What little sleep he managed came in broken stretches between too many thoughts and the memory of Summer standing in that parking lot looking tired enough to fall over while still trying to push him away.

By the time dawn broke over the ranch, he’d given up on going back to sleep. So he went to sunrise yoga with Zee.

The classes started as an optional program, and somehow they’d become a regular thing for most of the vets. Most days it was held outside so they could commune with nature, whatever that meant. But when there was bad weather, the classes were held in the dining hall in front of the big windows.

Since there was a light drizzle this morning, Zee stood at the front of the room instructing a bunch of former military men with old injuries trying not to complain through stretches they secretly enjoyed.

Pope kept mostly quiet through it, moving through the poses with the same discipline he tried to bring to everything he did. His body had loosened a little by the end, but his head didn’t. Summer stayed right beneath the surface.

The flat tire. The way she looked when she realized she needed help.

The way she sat next to him on the ride to her place, silent, hands twisted in her lap.

After Zee concluded the yoga session with everyone sitting on their mats going through the final breathing exercise as thesun streamed over them, he gave up on getting Summer out of his head.

By eight o’clock he was out with the horses, moving through the rituals he’d performed every day since he came to the Black Heart. He filled his lungs with the sharp, cold morning air, taking in the traces of hay and leather and the bite of Wyoming spring.

One by one he greeted the horses and led them out of their stalls to stretch their legs in the pasture. When he reached Flint, the gelding shook his head and whinnied.

Pope settled him with a low command and a hand along on his neck.

“You’re getting too damn smart.”

The gelding flicked an ear back at him like he understood every word. Pope wouldn’t be surprised if he did.

Training the horse had become the one task where his head quieted down some. Horses didn’t care about complicated emotions or therapy evaluations or whether a woman decided he wasn’t built for forever. They just reacted with trust.

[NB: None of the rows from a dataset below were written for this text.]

(* Let $n,m\ge1$, $r>0$, and let $\mathbf b_1,\dots,\mathbf b_m\in[0,\infty)^n$ be nonzero vectors with nonnegative entries. Consider the system, in the unknown $\mathbf u\in\mathbb{R}^n$, $$\frac{r}{m}\sum_{j=1}^m\frac{\mathbf b_j}{\mathbf u\cdot\mathbf b_j}-\mathbf u=0 .$$ Then this system has at most one solution $\mathbf u$ with $\mathbf u\cdot\mathbf b_j>0$ for all $j=1,\dots,m$; and if $\mathbf u$ is such a solution, then $\mathbf u\cdot\mathbf u=r$ and $\widehat l(\mathbf u)=\prod_{j=1}^m(\mathbf u\cdot\mathbf b_j)$ equals the global maximum of $\widehat l$ on the sphere $\{\mathbf u\in\mathbb{R}^n:\sum_{i=1}^n u_i^2=r\}$.
   Context: The system is the Lagrange multiplier condition (with the multiplier eliminated) for maximizing $\widehat l(\mathbf u)=\prod_j(\mathbf u\cdot\mathbf b_j)$ on the sphere $\sum_iu_i^2=r$; in the application $b_{ij}=v_i\varphi_i(x_j)$ for nonnegative window functions $\varphi_i$ and observations $x_j$. *)

theory Defs
  imports "HOL-Analysis.Analysis"
begin

definition lhat :: "nat \<Rightarrow> (nat \<Rightarrow> real^'n) \<Rightarrow> real^'n \<Rightarrow> real" where
  "lhat m b u = (\<Prod>j<m. u \<bullet> b j)"

definition is_pos_solution :: "nat \<Rightarrow> real \<Rightarrow> (nat \<Rightarrow> real^'n) \<Rightarrow> real^'n \<Rightarrow> bool" where
  "is_pos_solution m r b u \<longleftrightarrow>
     (\<forall>j<m. u \<bullet> b j > 0) \<and>
     (r / real m) *\<^sub>R (\<Sum>j<m. (1 / (u \<bullet> b j)) *\<^sub>R b j) - u = 0"

end

theory Submission
  imports Defs
begin

text \<open>
  If \<open>u\<close> is a positive solution, then pairing the system with any \<open>v\<close> gives
  \<open>v \<bullet> u = (r/m) \<Sum>\<^sub>j (v \<bullet> b\<^sub>j)/(u \<bullet> b\<^sub>j)\<close>, so \<open>u \<bullet> u = r\<close>, and by AM-GM applied to the
  ratios \<open>(v \<bullet> b\<^sub>j)/(u \<bullet> b\<^sub>j)\<close> one gets \<open>l(v) \<le> l(u) (v \<bullet> u / r)\<^sup>m\<close> whenever all
  \<open>v \<bullet> b\<^sub>j \<ge> 0\<close>. On the sphere \<open>v \<bullet> u \<le> r\<close> by Cauchy-Schwarz, so \<open>u\<close> maximises \<open>l\<close>
  among vectors with \<open>v \<bullet> b\<^sub>j \<ge> 0\<close>; replacing \<open>v\<close> by its componentwise absolute
  value removes that restriction, since the \<open>b\<^sub>j\<close> are nonnegative. For two positive
  solutions \<open>u, v\<close> the bound forces \<open>v \<bullet> u = r = u \<bullet> u = v \<bullet> v\<close>, hence \<open>u = v\<close>.
\<close>

lemma prod_le_mean_power:
  fixes x :: "'a \<Rightarrow> real"
  assumes "finite S" "S \<noteq> {}" "\<And>i. i \<in> S \<Longrightarrow> x i \<ge> 0"
  shows "(\<Prod>i\<in>S. x i) \<le> ((\<Sum>i\<in>S. x i) / card S) ^ card S"
proof -
  let ?P = "\<Prod>i\<in>S. x i"
  have card_pos: "card S > 0" using assms by (simp add: card_gt_0_iff)
  have geom_le_arith: "?P powr (1 / card S) \<le> (\<Sum>i\<in>S. x i) / card S"
    using arith_geom_mean[OF assms] by (simp add: sum_divide_distrib)
  have "?P = (?P powr (1 / card S)) ^ card S"
  proof (cases "?P = 0")
    case False
    then have "?P > 0" using assms by (simp add: prod_nonneg less_le)
    then show ?thesis using card_pos by (simp add: powr_realpow[symmetric] powr_powr)
  qed (use card_pos in simp)
  also have "\<dots> \<le> ((\<Sum>i\<in>S. x i) / card S) ^ card S"
    by (rule power_mono[OF geom_le_arith]) simp
  finally show ?thesis .
qed

lemma inner_diff_self_common_square:
  fixes x y :: "'a::real_inner"
  assumes "x \<bullet> x = r" "y \<bullet> y = r"
  shows "(x - y) \<bullet> (x - y) = 2 * r - 2 * (x \<bullet> y)"
  using assms by (simp add: inner_diff inner_commute)

lemma inner_le_common_square:
  fixes x y :: "'a::real_inner"
  assumes "x \<bullet> x = r" "y \<bullet> y = r"
  shows "x \<bullet> y \<le> r"
  using inner_diff_self_common_square[OF assms] inner_ge_zero[of "x - y"] by linarith

lemma eq_if_inner_eq_common_square:
  fixes x y :: "'a::real_inner"
  assumes "x \<bullet> x = r" "y \<bullet> y = r" "x \<bullet> y = r"
  shows "x = y"
  using inner_diff_self_common_square[OF assms(1,2)] assms(3) by simp

lemma pos_solution_inner_pos:
  "is_pos_solution m r b u \<Longrightarrow> j < m \<Longrightarrow> u \<bullet> b j > 0"
  unfolding is_pos_solution_def by blast

lemma lhat_pos_solution_pos:
  "is_pos_solution m r b u \<Longrightarrow> lhat m b u > 0"
  unfolding lhat_def by (auto intro: prod_pos pos_solution_inner_pos)

lemma pos_solution_inner:
  assumes "is_pos_solution m r b u"
  shows "v \<bullet> u = r / real m * (\<Sum>j<m. (v \<bullet> b j) / (u \<bullet> b j))"
proof -
  have "u = (r / real m) *\<^sub>R (\<Sum>j<m. (1 / (u \<bullet> b j)) *\<^sub>R b j)"
    using assms unfolding is_pos_solution_def by simp
  then have "v \<bullet> u = v \<bullet> ((r / real m) *\<^sub>R (\<Sum>j<m. (1 / (u \<bullet> b j)) *\<^sub>R b j))"
    by simp
  then show ?thesis
    by (simp add: inner_sum_right)
qed

lemma pos_solution_inner_self:
  assumes "is_pos_solution m r b u" "m \<ge> 1"
  shows "u \<bullet> u = r"
proof -
  have "(\<Sum>j<m. (u \<bullet> b j) / (u \<bullet> b j)) = (\<Sum>j<m. 1)"
    by (intro sum.cong) (auto dest!: pos_solution_inner_pos[OF assms(1)])
  then show ?thesis
    using pos_solution_inner[OF assms(1), of u] assms(2) by simp
qed

lemma pos_solution_inner_nonneg:
  assumes "is_pos_solution m r b u" "r > 0" "\<And>j. j < m \<Longrightarrow> v \<bullet> b j \<ge> 0"
  shows "v \<bullet> u \<ge> 0"
  unfolding pos_solution_inner[OF assms(1)]
  using assms pos_solution_inner_pos[OF assms(1)]
  by (intro mult_nonneg_nonneg sum_nonneg divide_nonneg_nonneg) (auto intro: less_imp_le)

lemma lhat_le_pos_solution_mult_power:
  assumes sol: "is_pos_solution m r b u" and "m \<ge> 1" "r > 0"
    and v_nonneg: "\<And>j. j < m \<Longrightarrow> v \<bullet> b j \<ge> 0"
  shows "lhat m b v \<le> lhat m b u * ((v \<bullet> u) / r) ^ m"
proof -
  note u_pos = pos_solution_inner_pos[OF sol]
  define ratio where "ratio j = (v \<bullet> b j) / (u \<bullet> b j)" for j
  have prod_eq: "lhat m b v = lhat m b u * (\<Prod>j<m. ratio j)"
    unfolding lhat_def ratio_def using u_pos
    by (simp add: prod_dividef less_imp_neq[symmetric] prod_zero_iff)
  have mean_eq: "(\<Sum>j<m. ratio j) / m = (v \<bullet> u) / r"
    using pos_solution_inner[OF sol, of v] \<open>r > 0\<close> \<open>m \<ge> 1\<close> by (simp add: ratio_def field_simps)
  have "\<And>j. j < m \<Longrightarrow> ratio j \<ge> 0"
    unfolding ratio_def using v_nonneg u_pos by (simp add: less_imp_le)
  then have "(\<Prod>j<m. ratio j) \<le> ((v \<bullet> u) / r) ^ m"
    unfolding mean_eq[symmetric]
    using prod_le_mean_power[of "{..<m}" ratio] \<open>m \<ge> 1\<close> by (simp add: lessThan_empty_iff)
  then show ?thesis
    unfolding prod_eq using lhat_pos_solution_pos[OF sol] by simp
qed

lemma lhat_le_pos_solution_of_nonneg:
  assumes sol: "is_pos_solution m r b u" and "m \<ge> 1" "r > 0"
    and v_nonneg: "\<And>j. j < m \<Longrightarrow> v \<bullet> b j \<ge> 0" and "v \<bullet> v = r"
  shows "lhat m b v \<le> lhat m b u"
proof -
  have "v \<bullet> u \<le> r"
    using inner_le_common_square[OF \<open>v \<bullet> v = r\<close> pos_solution_inner_self[OF sol \<open>m \<ge> 1\<close>]] .
  then have "((v \<bullet> u) / r) ^ m \<le> 1"
    using pos_solution_inner_nonneg[OF sol \<open>r > 0\<close> v_nonneg] \<open>r > 0\<close> by (simp add: power_le_one)
  then have "lhat m b u * ((v \<bullet> u) / r) ^ m \<le> lhat m b u"
    using lhat_pos_solution_pos[OF sol] by (simp add: mult_left_le)
  with lhat_le_pos_solution_mult_power[OF sol \<open>m \<ge> 1\<close> \<open>r > 0\<close> v_nonneg] show ?thesis
    by linarith
qed

lemma pos_solution_unique:
  assumes su: "is_pos_solution m r b u" and sv: "is_pos_solution m r b v"
    and "m \<ge> 1" "r > 0"
  shows "u = v"
proof -
  have uu: "u \<bullet> u = r" and vv: "v \<bullet> v = r"
    using pos_solution_inner_self su sv \<open>m \<ge> 1\<close> by blast+
  have u_nonneg: "\<And>j. j < m \<Longrightarrow> u \<bullet> b j \<ge> 0"
    using pos_solution_inner_pos[OF su] by (simp add: less_imp_le)
  have v_nonneg: "\<And>j. j < m \<Longrightarrow> v \<bullet> b j \<ge> 0"
    using pos_solution_inner_pos[OF sv] by (simp add: less_imp_le)
  have "lhat m b u \<le> lhat m b u * ((v \<bullet> u) / r) ^ m"
    using lhat_le_pos_solution_of_nonneg[OF sv \<open>m \<ge> 1\<close> \<open>r > 0\<close> u_nonneg uu]
      lhat_le_pos_solution_mult_power[OF su \<open>m \<ge> 1\<close> \<open>r > 0\<close> v_nonneg]
    by linarith
  then have "1 \<le> ((v \<bullet> u) / r) ^ m"
    using lhat_pos_solution_pos[OF su] by simp
  moreover have "0 \<le> (v \<bullet> u) / r"
    using pos_solution_inner_nonneg[OF su \<open>r > 0\<close> v_nonneg] \<open>r > 0\<close> by simp
  ultimately have "1 \<le> (v \<bullet> u) / r"
    using \<open>m \<ge> 1\<close> power_less_one_iff[of "(v \<bullet> u) / r" m] by linarith
  then have "v \<bullet> u = r"
    using inner_le_common_square[OF vv uu] \<open>r > 0\<close> by simp
  then show ?thesis
    using eq_if_inner_eq_common_square[OF vv uu] by simp
qed

lemma abs_inner_le_inner_abs:
  fixes v b :: "real^'n"
  assumes "\<And>i. b $ i \<ge> 0"
  shows "\<bar>v \<bullet> b\<bar> \<le> (\<chi> i. \<bar>v $ i\<bar>) \<bullet> b"
proof -
  have "\<bar>v \<bullet> b\<bar> \<le> (\<Sum>i\<in>UNIV. \<bar>v $ i * b $ i\<bar>)"
    unfolding inner_vec_def inner_real_def by (rule sum_abs)
  also have "\<dots> = (\<chi> i. \<bar>v $ i\<bar>) \<bullet> b"
    using assms by (simp add: inner_vec_def abs_mult)
  finally show ?thesis .
qed

lemma inner_self_abs_vec: "(\<chi> i. \<bar>v $ i\<bar>) \<bullet> (\<chi> i. \<bar>v $ i\<bar>) = v \<bullet> (v :: real^'n)"
  by (simp add: inner_vec_def abs_mult_self_eq)

lemma lhat_le_lhat_abs_vec:
  assumes "\<And>j i. j < m \<Longrightarrow> b j $ i \<ge> 0"
  shows "lhat m b v \<le> lhat m b (\<chi> i. \<bar>v $ i\<bar>)"
proof -
  have "lhat m b v \<le> (\<Prod>j<m. \<bar>v \<bullet> b j\<bar>)"
    unfolding lhat_def abs_prod[symmetric] by simp
  also have "\<dots> \<le> lhat m b (\<chi> i. \<bar>v $ i\<bar>)"
    unfolding lhat_def using abs_inner_le_inner_abs assms by (intro prod_mono) auto
  finally show ?thesis .
qed

lemma lhat_le_pos_solution:
  assumes sol: "is_pos_solution m r b u" and "m \<ge> 1" "r > 0"
    and b_nonneg: "\<And>j i. j < m \<Longrightarrow> b j $ i \<ge> 0" and "v \<bullet> v = r"
  shows "lhat m b v \<le> lhat m b u"
proof -
  let ?w = "\<chi> i. \<bar>v $ i\<bar>"
  have "0 \<le> ?w \<bullet> b j" if "j < m" for j
    using abs_inner_le_inner_abs[of "b j" v] b_nonneg[OF that] by (meson abs_ge_zero order_trans)
  moreover have "?w \<bullet> ?w = r"
    using \<open>v \<bullet> v = r\<close> by (simp only: inner_self_abs_vec)
  ultimately have "lhat m b ?w \<le> lhat m b u"
    by (rule lhat_le_pos_solution_of_nonneg[OF sol \<open>m \<ge> 1\<close> \<open>r > 0\<close>])
  with lhat_le_lhat_abs_vec[OF b_nonneg] show ?thesis
    by (rule order_trans)
qed

theorem theorem3:
  fixes m :: nat and r :: real and b :: "nat \<Rightarrow> real^'n"
  assumes "m \<ge> 1" and "r > 0"
    and "\<And>j. j < m \<Longrightarrow> b j \<noteq> 0"
    and "\<And>j i. j < m \<Longrightarrow> b j $ i \<ge> 0"
  shows "(\<forall>u v. is_pos_solution m r b u \<and> is_pos_solution m r b v \<longrightarrow> u = v)
    \<and> (\<forall>u. is_pos_solution m r b u \<longrightarrow>
          u \<bullet> u = r \<and>
          lhat m b u = (GREATEST t. \<exists>v. (\<Sum>i\<in>UNIV. (v $ i)\<^sup>2) = r \<and> t = lhat m b v))"
proof (intro conjI allI impI)
  fix u v assume "is_pos_solution m r b u \<and> is_pos_solution m r b v"
  then show "u = v" using pos_solution_unique assms(1,2) by blast
next
  fix u assume sol: "is_pos_solution m r b u"
  show uu: "u \<bullet> u = r" using pos_solution_inner_self[OF sol assms(1)] .
  have sum_sq: "(\<Sum>i\<in>UNIV. (v $ i)\<^sup>2) = v \<bullet> v" for v :: "real^'n"
    by (simp add: inner_vec_def power2_eq_square)
  show "lhat m b u = (GREATEST t. \<exists>v. (\<Sum>i\<in>UNIV. (v $ i)\<^sup>2) = r \<and> t = lhat m b v)"
  proof (rule Greatest_equality[symmetric])
    show "\<exists>v. (\<Sum>i\<in>UNIV. (v $ i)\<^sup>2) = r \<and> lhat m b u = lhat m b v"
      using uu by (simp only: sum_sq) blast
  next
    fix t assume "\<exists>v. (\<Sum>i\<in>UNIV. (v $ i)\<^sup>2) = r \<and> t = lhat m b v"
    then show "t \<le> lhat m b u"
      using lhat_le_pos_solution[OF sol assms(1,2,4)] by (auto simp only: sum_sq)
  qed
qed

end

By the time he finished working with Flint, sweat dampened the collar of his shirt despite the cold. He turned Flint loose to graze with the rest of the horses and started toward the lodge.

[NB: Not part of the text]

(* Let $\mathcal{X}$ and $\mathcal{Y}$ be finite additive groups, $n,m\ge1$, and let $F:\mathcal{X}^n\to\mathcal{Y}^m$ be a random linear code, i.e. a random variable taking values in the set of group homomorphisms $\mathcal{X}^n\to\mathcal{Y}^m$. Let $\Sigma_n,\Sigma_m$ be uniformly distributed random permutations of the coordinates of $\mathcal{X}^n$ and $\mathcal{Y}^m$ respectively, let $\bar Y^m$ be a uniformly distributed random vector on $\mathcal{Y}^m$, with $F,\Sigma_n,\Sigma_m,\bar Y^m$ mutually independent, and define $\hat F(\mathbf{x})=\Sigma_m(F(\Sigma_n(\mathbf{x})))+\bar Y^m$. Then for all $\mathbf{x}_1\neq\mathbf{x}_2$ in $\mathcal{X}^n$ and all $\mathbf{y}_1,\mathbf{y}_2\in\mathcal{Y}^m$, $$\Pr\{\hat F(\mathbf{x}_1)=\mathbf{y}_1\}=|\mathcal{Y}|^{-m},$$ $$\Pr\{\hat F(\mathbf{x}_2)=\mathbf{y}_2\mid \hat F(\mathbf{x}_1)=\mathbf{y}_1\}=|\mathcal{Y}|^{-m}\,\alpha(F)(P_{\mathbf{x}_2-\mathbf{x}_1},P_{\mathbf{y}_2-\mathbf{y}_1}).$$
   Context: For a sequence $\mathbf{x}\in\mathcal{X}^n$, its type $P_{\mathbf{x}}$ is the distribution on $\mathcal{X}$ given by $P_{\mathbf{x}}(a)=N(a|\mathbf{x})/n$, where $N(a|\mathbf{x})$ is the number of occurrences of $a$ in $\mathbf{x}$; $\mathcal{P}_n(\mathcal{X})$ is the set of types of sequences in $\mathcal{X}^n$ (similarly for $\mathcal{Y}^m$). A permutation of coordinates acts on $\mathcal{X}^n$ by permuting entries. For a map $f:\mathcal{X}^n\to\mathcal{Y}^m$, its joint spectrum is $S_{\mathcal{X}\mathcal{Y}}(f)(P,Q)=|\{\mathbf{x}\in\mathcal{X}^n: P_{\mathbf{x}}=P,\ P_{f(\mathbf{x})}=Q\}|/|\mathcal{X}|^n$. For $P\in\mathcal{P}_n(\mathcal{X})$, $Q\in\mathcal{P}_m(\mathcal{Y})$, with $\binom{n}{nP}=n!/\prod_{a}(nP(a))!$ and $\binom{m}{mQ}=m!/\prod_{b}(mQ(b))!$, define for a random map $F$ $$\alpha(F)(P,Q)=\frac{E[S_{\mathcal{X}\mathcal{Y}}(F)(P,Q)]}{\binom{n}{nP}\binom{m}{mQ}\,|\mathcal{X}|^{-n}|\mathcal{Y}|^{-m}}.$$ *)

theory Defs
  imports "HOL-Probability.Probability" "HOL-Library.Function_Algebras"
begin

He slipped a hand into his pocket and felt the set of keys. Willow’s keys. He took a detour toward the security office where she spent her early mornings to return the keys to her. But his phone rang halfway across the yard.

Pope saw the screen and everything inside him gripped.

Summer.

He whipped the phone to his ear. “You okay?”

A tiny pause met the question before she spoke. “Yeah. I just…wanted to thank you again.”

Relief made him stop walking and face the sun, as if Zee’s instruction to ground himself was ingrained in him now.

“For taking you home? Wasn’t a big deal.”

Another silence followed. Then quieter, she said, “I meant for paying for the new tires.”

“What?”

“The garage called this morning. Said there was a credit applied to the account. I know you did it.”

He froze. Because he hadn’t.

Worse, he wished he’d thought of it first.

“Summer,” he said slowly, “I didn’t pay for the tires.”

More silence, not the comfortable kind. The air seemed to be sucked out of the line, and he pictured what her expression might look like on the other end, that little crease forming between her brows she got when she was confused.